Saved entries:
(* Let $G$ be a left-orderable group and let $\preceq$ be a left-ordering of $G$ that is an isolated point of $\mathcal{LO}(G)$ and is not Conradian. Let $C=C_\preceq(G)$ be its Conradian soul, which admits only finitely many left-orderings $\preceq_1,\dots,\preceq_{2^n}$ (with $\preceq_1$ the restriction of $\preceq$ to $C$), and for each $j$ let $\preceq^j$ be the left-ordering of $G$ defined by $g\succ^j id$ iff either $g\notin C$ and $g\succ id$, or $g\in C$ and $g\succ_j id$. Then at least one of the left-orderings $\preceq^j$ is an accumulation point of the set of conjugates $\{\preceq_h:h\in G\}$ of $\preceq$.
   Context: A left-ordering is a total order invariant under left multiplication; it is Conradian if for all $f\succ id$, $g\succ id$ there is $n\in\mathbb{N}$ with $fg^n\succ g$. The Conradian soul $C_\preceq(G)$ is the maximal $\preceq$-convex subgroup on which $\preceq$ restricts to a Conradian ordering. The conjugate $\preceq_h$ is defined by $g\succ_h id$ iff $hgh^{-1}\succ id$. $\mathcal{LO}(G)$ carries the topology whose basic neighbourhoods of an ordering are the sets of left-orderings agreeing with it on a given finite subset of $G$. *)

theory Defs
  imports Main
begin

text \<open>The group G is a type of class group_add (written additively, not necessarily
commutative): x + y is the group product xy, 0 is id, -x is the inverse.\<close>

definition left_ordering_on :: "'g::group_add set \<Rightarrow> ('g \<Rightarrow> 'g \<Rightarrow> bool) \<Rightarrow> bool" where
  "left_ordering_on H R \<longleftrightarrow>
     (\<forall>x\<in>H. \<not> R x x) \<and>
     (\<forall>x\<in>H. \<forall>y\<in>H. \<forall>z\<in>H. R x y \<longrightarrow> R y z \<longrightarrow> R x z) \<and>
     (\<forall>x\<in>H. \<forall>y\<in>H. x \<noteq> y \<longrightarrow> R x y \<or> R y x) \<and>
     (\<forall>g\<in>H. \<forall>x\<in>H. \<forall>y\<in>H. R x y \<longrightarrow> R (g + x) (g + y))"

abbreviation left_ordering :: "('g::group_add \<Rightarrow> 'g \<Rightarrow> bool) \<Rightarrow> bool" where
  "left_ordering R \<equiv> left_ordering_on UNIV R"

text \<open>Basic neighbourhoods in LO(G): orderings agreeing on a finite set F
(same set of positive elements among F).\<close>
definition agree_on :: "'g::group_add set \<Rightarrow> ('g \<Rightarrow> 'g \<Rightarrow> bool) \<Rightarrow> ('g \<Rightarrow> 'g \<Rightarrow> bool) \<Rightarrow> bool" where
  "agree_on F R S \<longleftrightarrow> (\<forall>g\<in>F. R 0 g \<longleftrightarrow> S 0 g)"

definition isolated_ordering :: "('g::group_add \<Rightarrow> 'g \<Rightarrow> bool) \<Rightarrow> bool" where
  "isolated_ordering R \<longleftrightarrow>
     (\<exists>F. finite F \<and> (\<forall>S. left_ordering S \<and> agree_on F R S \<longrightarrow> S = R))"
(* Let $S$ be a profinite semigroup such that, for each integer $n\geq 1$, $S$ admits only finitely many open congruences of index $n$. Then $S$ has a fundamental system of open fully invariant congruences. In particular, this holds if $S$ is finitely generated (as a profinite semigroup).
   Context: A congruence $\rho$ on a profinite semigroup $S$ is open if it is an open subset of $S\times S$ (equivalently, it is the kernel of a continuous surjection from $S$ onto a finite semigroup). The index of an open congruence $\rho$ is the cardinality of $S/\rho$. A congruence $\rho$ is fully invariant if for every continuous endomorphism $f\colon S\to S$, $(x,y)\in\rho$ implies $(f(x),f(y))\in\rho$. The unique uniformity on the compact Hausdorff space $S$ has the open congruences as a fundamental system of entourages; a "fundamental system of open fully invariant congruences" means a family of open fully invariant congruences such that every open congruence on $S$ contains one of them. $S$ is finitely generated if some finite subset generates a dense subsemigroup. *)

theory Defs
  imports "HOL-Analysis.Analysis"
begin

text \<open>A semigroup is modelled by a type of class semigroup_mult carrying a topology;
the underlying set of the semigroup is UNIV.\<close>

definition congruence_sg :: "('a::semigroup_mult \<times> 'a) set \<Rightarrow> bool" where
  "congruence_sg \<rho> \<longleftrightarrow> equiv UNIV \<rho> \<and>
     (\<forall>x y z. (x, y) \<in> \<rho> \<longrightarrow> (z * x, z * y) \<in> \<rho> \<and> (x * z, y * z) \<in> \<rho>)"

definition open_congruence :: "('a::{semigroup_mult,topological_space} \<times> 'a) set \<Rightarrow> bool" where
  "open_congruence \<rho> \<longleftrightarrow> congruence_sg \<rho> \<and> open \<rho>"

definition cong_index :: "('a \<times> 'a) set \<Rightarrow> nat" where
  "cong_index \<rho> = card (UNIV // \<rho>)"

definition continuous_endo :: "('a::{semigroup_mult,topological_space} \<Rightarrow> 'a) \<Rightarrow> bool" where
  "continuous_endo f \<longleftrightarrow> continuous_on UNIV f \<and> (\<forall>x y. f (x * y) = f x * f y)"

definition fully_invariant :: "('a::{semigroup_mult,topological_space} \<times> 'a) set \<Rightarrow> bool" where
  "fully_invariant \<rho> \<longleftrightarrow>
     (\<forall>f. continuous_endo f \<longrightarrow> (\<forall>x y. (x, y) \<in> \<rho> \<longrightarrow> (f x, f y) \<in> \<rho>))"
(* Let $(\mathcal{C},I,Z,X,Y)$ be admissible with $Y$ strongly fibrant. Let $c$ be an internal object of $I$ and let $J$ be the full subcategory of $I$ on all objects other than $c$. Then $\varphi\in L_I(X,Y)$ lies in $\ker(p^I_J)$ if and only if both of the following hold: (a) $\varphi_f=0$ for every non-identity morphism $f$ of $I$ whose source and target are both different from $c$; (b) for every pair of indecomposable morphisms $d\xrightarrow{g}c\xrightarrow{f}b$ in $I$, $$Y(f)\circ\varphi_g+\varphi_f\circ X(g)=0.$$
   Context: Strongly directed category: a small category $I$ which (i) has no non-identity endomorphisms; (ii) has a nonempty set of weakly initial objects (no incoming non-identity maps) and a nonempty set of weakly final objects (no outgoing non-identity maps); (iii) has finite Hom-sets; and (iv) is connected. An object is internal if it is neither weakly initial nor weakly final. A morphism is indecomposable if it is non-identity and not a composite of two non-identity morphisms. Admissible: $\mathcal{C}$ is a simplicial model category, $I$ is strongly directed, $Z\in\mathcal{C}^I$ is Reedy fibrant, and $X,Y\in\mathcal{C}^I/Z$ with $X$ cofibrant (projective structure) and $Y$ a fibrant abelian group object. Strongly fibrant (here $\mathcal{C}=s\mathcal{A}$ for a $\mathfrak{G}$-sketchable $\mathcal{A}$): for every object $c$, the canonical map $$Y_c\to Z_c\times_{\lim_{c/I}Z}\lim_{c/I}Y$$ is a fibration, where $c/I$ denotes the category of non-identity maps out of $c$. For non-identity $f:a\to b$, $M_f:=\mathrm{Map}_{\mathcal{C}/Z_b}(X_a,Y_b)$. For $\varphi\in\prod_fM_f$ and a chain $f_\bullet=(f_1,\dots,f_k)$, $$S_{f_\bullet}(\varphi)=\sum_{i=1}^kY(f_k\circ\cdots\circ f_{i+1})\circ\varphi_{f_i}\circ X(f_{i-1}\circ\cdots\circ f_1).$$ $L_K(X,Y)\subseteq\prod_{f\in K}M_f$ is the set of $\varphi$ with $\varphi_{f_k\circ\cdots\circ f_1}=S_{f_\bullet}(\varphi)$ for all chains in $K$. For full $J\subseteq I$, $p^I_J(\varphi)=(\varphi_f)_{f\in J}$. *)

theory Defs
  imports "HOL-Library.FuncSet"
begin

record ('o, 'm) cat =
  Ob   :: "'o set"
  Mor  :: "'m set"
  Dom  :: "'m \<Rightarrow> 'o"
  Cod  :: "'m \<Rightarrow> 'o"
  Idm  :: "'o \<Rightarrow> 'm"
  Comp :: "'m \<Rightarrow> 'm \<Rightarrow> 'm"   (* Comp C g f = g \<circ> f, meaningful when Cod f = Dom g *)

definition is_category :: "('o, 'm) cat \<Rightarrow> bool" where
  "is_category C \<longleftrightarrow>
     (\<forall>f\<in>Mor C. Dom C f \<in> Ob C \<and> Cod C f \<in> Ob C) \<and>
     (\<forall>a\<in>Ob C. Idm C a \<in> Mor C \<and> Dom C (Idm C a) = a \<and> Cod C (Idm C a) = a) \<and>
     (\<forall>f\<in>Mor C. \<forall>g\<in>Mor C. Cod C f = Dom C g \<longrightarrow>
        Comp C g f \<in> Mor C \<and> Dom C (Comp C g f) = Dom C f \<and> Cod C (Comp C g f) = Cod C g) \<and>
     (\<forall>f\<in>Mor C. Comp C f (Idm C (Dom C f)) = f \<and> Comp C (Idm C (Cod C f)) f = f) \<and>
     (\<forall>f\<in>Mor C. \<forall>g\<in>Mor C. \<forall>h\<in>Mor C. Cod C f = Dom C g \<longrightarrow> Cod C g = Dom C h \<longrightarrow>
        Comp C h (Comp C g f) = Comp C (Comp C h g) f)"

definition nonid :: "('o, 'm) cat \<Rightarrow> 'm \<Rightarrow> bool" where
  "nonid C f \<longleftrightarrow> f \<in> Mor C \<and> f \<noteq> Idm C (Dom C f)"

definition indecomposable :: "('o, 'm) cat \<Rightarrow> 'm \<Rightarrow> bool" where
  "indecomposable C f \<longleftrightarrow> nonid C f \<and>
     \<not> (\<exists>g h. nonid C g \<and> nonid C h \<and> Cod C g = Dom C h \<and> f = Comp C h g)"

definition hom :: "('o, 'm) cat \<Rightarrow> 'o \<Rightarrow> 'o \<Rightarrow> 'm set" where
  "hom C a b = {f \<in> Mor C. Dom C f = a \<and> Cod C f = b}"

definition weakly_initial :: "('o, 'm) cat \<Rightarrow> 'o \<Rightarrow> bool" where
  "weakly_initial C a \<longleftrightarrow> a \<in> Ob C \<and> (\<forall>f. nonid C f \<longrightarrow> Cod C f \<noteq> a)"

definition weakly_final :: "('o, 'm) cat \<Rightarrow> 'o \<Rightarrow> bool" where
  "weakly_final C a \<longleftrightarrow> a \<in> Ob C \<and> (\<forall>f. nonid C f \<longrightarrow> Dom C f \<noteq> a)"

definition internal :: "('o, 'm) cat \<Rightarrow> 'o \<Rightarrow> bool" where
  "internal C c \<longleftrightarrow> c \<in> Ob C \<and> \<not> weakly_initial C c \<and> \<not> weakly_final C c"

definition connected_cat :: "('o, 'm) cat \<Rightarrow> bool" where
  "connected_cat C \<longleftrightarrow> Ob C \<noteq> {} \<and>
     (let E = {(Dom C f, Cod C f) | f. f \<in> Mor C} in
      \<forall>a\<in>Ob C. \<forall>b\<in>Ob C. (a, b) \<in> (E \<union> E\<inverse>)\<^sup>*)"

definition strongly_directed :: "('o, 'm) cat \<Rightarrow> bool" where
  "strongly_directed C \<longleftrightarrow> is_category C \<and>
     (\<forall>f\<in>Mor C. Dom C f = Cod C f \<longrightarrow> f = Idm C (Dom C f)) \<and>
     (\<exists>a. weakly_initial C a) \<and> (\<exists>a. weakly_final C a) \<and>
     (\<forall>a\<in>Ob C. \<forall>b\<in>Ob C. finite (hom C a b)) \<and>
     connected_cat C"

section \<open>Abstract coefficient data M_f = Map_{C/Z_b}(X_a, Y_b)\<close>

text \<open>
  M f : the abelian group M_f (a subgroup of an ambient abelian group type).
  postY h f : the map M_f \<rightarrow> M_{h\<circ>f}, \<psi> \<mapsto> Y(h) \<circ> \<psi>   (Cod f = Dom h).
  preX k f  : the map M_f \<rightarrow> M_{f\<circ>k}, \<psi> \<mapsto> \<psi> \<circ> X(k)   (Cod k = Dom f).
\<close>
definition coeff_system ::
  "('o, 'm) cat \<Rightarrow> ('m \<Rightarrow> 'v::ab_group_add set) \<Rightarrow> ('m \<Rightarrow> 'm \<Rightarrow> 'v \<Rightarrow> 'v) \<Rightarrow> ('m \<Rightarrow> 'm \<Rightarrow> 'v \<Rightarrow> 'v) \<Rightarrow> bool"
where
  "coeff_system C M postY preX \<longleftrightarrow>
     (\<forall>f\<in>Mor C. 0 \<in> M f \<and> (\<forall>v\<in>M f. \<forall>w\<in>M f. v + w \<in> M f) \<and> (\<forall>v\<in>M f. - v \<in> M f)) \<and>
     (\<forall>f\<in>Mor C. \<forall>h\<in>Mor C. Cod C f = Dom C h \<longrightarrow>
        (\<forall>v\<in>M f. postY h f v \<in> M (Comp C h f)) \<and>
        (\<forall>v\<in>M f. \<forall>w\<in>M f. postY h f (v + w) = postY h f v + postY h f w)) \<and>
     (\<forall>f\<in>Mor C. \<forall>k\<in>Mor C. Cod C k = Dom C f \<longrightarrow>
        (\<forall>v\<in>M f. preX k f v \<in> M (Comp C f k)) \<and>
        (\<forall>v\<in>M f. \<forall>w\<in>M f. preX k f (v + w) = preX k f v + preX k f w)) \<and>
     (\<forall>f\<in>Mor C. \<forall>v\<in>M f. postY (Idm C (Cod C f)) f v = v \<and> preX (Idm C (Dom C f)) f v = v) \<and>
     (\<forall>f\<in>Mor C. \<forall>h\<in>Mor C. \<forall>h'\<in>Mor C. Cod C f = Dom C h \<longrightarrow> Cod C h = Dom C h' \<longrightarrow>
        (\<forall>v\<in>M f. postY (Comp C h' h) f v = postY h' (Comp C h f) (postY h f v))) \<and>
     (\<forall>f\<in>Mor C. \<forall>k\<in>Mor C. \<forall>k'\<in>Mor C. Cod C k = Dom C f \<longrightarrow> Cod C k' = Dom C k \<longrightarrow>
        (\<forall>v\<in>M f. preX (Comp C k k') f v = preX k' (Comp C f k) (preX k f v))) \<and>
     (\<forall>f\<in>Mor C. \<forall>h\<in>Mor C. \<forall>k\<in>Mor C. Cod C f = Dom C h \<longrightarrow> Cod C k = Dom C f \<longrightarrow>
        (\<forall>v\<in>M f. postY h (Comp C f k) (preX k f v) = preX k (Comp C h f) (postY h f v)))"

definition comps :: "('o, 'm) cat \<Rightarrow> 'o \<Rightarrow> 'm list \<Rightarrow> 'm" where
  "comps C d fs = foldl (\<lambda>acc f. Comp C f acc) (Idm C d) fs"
* * *
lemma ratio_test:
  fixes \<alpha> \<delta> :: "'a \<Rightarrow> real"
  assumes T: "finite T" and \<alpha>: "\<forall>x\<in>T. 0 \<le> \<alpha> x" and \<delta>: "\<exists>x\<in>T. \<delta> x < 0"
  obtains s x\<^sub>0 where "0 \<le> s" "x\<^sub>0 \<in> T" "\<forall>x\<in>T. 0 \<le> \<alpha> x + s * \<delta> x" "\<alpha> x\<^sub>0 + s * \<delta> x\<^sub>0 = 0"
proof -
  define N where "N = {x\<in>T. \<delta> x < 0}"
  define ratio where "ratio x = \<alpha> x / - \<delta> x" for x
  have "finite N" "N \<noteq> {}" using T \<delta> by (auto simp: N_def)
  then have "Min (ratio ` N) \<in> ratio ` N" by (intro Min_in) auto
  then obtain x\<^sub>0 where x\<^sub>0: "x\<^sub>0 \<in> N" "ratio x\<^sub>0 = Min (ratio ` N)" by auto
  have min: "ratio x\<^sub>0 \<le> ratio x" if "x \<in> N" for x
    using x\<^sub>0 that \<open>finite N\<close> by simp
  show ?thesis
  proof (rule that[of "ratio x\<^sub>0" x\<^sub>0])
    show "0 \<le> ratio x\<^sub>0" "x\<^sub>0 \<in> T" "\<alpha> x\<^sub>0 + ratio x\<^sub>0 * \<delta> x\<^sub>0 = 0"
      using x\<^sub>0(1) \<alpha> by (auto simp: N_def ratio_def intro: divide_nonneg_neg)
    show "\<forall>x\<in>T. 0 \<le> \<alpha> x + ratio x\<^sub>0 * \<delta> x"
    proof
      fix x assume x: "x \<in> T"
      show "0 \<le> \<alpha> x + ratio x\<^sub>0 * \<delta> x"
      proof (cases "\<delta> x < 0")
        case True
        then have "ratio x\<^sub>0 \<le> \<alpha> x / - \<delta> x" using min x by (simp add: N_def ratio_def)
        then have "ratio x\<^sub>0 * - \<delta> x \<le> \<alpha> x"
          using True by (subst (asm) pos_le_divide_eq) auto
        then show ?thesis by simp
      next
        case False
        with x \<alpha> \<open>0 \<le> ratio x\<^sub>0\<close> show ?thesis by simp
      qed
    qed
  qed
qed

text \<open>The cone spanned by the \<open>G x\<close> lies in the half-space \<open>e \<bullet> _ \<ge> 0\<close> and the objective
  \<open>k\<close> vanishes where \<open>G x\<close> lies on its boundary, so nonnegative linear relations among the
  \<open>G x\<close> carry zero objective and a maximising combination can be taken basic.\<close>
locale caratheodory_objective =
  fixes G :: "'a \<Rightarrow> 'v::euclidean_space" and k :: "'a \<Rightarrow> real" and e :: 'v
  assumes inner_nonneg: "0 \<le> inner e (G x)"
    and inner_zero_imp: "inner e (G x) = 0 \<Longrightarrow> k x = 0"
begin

# Your goal:
Find and count the lines of the data that include the string "assumes", and report that figure by itself.

# Output of the exercise:
2